──────── Source data ────────
lemma card_not_lin_dep2_pairs_less:
  "card {p \<in> ambient k \<times> (ambient k :: (nat \<Rightarrow> 'a::{finite,field}) set). \<not> lin_dep2 (fst p) (snd p)}
    < CARD('a)^(2*k)"
proof -
  define V where "V = (ambient k :: (nat \<Rightarrow> 'a) set)"
  have "lin_dep2 0 (0 :: nat \<Rightarrow> 'a)"
    unfolding lin_dep2_def by (auto intro!: exI[of _ 1] simp: fscale_def fun_eq_iff)
  moreover have "(0, 0) \<in> V \<times> V" by (auto simp: V_def ambient_def)
  ultimately have "{p \<in> V \<times> V. \<not> lin_dep2 (fst p) (snd p)} \<subset> V \<times> V" by force
  then have "card {p \<in> V \<times> V. \<not> lin_dep2 (fst p) (snd p)} < card (V \<times> V)"
    by (rule psubset_card_mono[rotated]) (simp add: V_def finite_ambient)
  then show ?thesis
    by (simp add: V_def card_cartesian_product card_ambient power_add mult_2)
qed

definition separating :: "nat \<Rightarrow> nat \<Rightarrow> (nat \<Rightarrow> nat \<Rightarrow> 'a::field) \<Rightarrow> bool" where
  "separating k n G \<longleftrightarrow> (\<forall>u\<in>ambient k. \<forall>v\<in>ambient k. \<not> lin_dep2 u v \<longrightarrow>
      (\<exists>i<n. dot k (G i) u = 0 \<and> dot k (G i) v \<noteq> 0))"

lemma exists_separating:
  assumes cond: "CARD('a)^(2*k) * (CARD('a)^2 - CARD('a) + 1)^n \<le> CARD('a)^(2*n)"
  shows "\<exists>G \<in> vectors n (ambient k :: (nat \<Rightarrow> 'a::{finite,field}) set). separating k n G"
proof -
  define q where "q = CARD('a)"
  define V where "V = (ambient k :: (nat \<Rightarrow> 'a) set)"
  define P where "P = {p \<in> V \<times> V. \<not> lin_dep2 (fst p) (snd p)}"
  define S where "S p = {r\<in>V. dot k r (snd p) \<noteq> 0 \<longrightarrow> dot k r (fst p) \<noteq> 0}" for p
  define Bad where "Bad = (\<Union>p\<in>P. vectors n (S p))"
  have fin: "finite V" "finite P" "finite (S p)" for p
    by (simp_all add: V_def P_def S_def finite_ambient)
  have "card Bad \<le> (\<Sum>p\<in>P. card (vectors n (S p)))"
    unfolding Bad_def by (rule card_UN_le[OF fin(2)])
  then have "card Bad * q^(2*n) \<le> (\<Sum>p\<in>P. card (S p) ^ n) * q^(2*n)"
    by (simp add: card_vectors fin)
  also have "\<dots> = (\<Sum>p\<in>P. (card (S p) * q^2) ^ n)"
    by (simp add: sum_distrib_right power_mult_distrib power_mult)
  also have "\<dots> = (\<Sum>p\<in>P. (q^k * (q^2 - q + 1)) ^ n)"
  proof (intro sum.cong refl)
    fix p assume "p \<in> P"
    then have "fst p \<in> V" "snd p \<in> V" "\<not> lin_dep2 (fst p) (snd p)" by (auto simp: P_def)
    then have "card (S p) * q^2 = q^k * (q^2 - q + 1)"
      unfolding S_def V_def q_def by (rule card_not_separated)
    then show "(card (S p) * q^2) ^ n = (q^k * (q^2 - q + 1)) ^ n" by (rule arg_cong)
  qed
  also have "\<dots> = card P * (q^k * (q^2 - q + 1)) ^ n" by simp
  also have "\<dots> < q^(2*k) * (q^k * (q^2 - q + 1)) ^ n"
    using card_not_lin_dep2_pairs_less[of k, where 'a='a] two_le_card_field[where 'a='a]
    by (simp add: P_def V_def q_def)
  also have "\<dots> = q^(2*k) * (q^2 - q + 1)^n * q^(k*n)"
    by (simp only: power_mult_distrib power_mult mult_ac)
  also have "\<dots> \<le> q^(2*n) * q^(k*n)" using cond by (simp add: q_def)
  finally have "card Bad < q^(k*n)" by (simp add: mult.commute)
  also have "q^(k*n) = card (vectors n V)"
    using fin(1) by (simp add: card_vectors V_def card_ambient q_def power_mult)
  moreover have "finite Bad" by (simp add: Bad_def fin finite_vectors)
  ultimately obtain G where G: "G \<in> vectors n V" "G \<notin> Bad"
    by (metis card_mono not_le subsetI)
  have "separating k n G"
    unfolding separating_def
  proof (intro ballI impI)
    fix u v :: "nat \<Rightarrow> 'a" assume "u \<in> ambient k" "v \<in> ambient k" "\<not> lin_dep2 u v"
    then have "G \<notin> vectors n (S (u, v))" using G(2) by (auto simp: Bad_def P_def V_def)
    then obtain i where "i < n" "G i \<notin> S (u, v)" "G i \<in> V" using G(1) by (auto simp: vectors_def)
    then show "\<exists>i<n. dot k (G i) u = 0 \<and> dot k (G i) v \<noteq> 0" by (auto simp: S_def)
  qed
  with G(1) show ?thesis by (auto simp: V_def)
qed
────────
Work required - Wherever a line above contains "times", copy that line.

Response area -
  "card {p \<in> ambient k \<times> (ambient k :: (nat \<Rightarrow> 'a::{finite,field}) set). \<not> lin_dep2 (fst p) (snd p)}
  moreover have "(0, 0) \<in> V \<times> V" by (auto simp: V_def ambient_def)
  ultimately have "{p \<in> V \<times> V. \<not> lin_dep2 (fst p) (snd p)} \<subset> V \<times> V" by force
  then have "card {p \<in> V \<times> V. \<not> lin_dep2 (fst p) (snd p)} < card (V \<times> V)"
  define P where "P = {p \<in> V \<times> V. \<not> lin_dep2 (fst p) (snd p)}"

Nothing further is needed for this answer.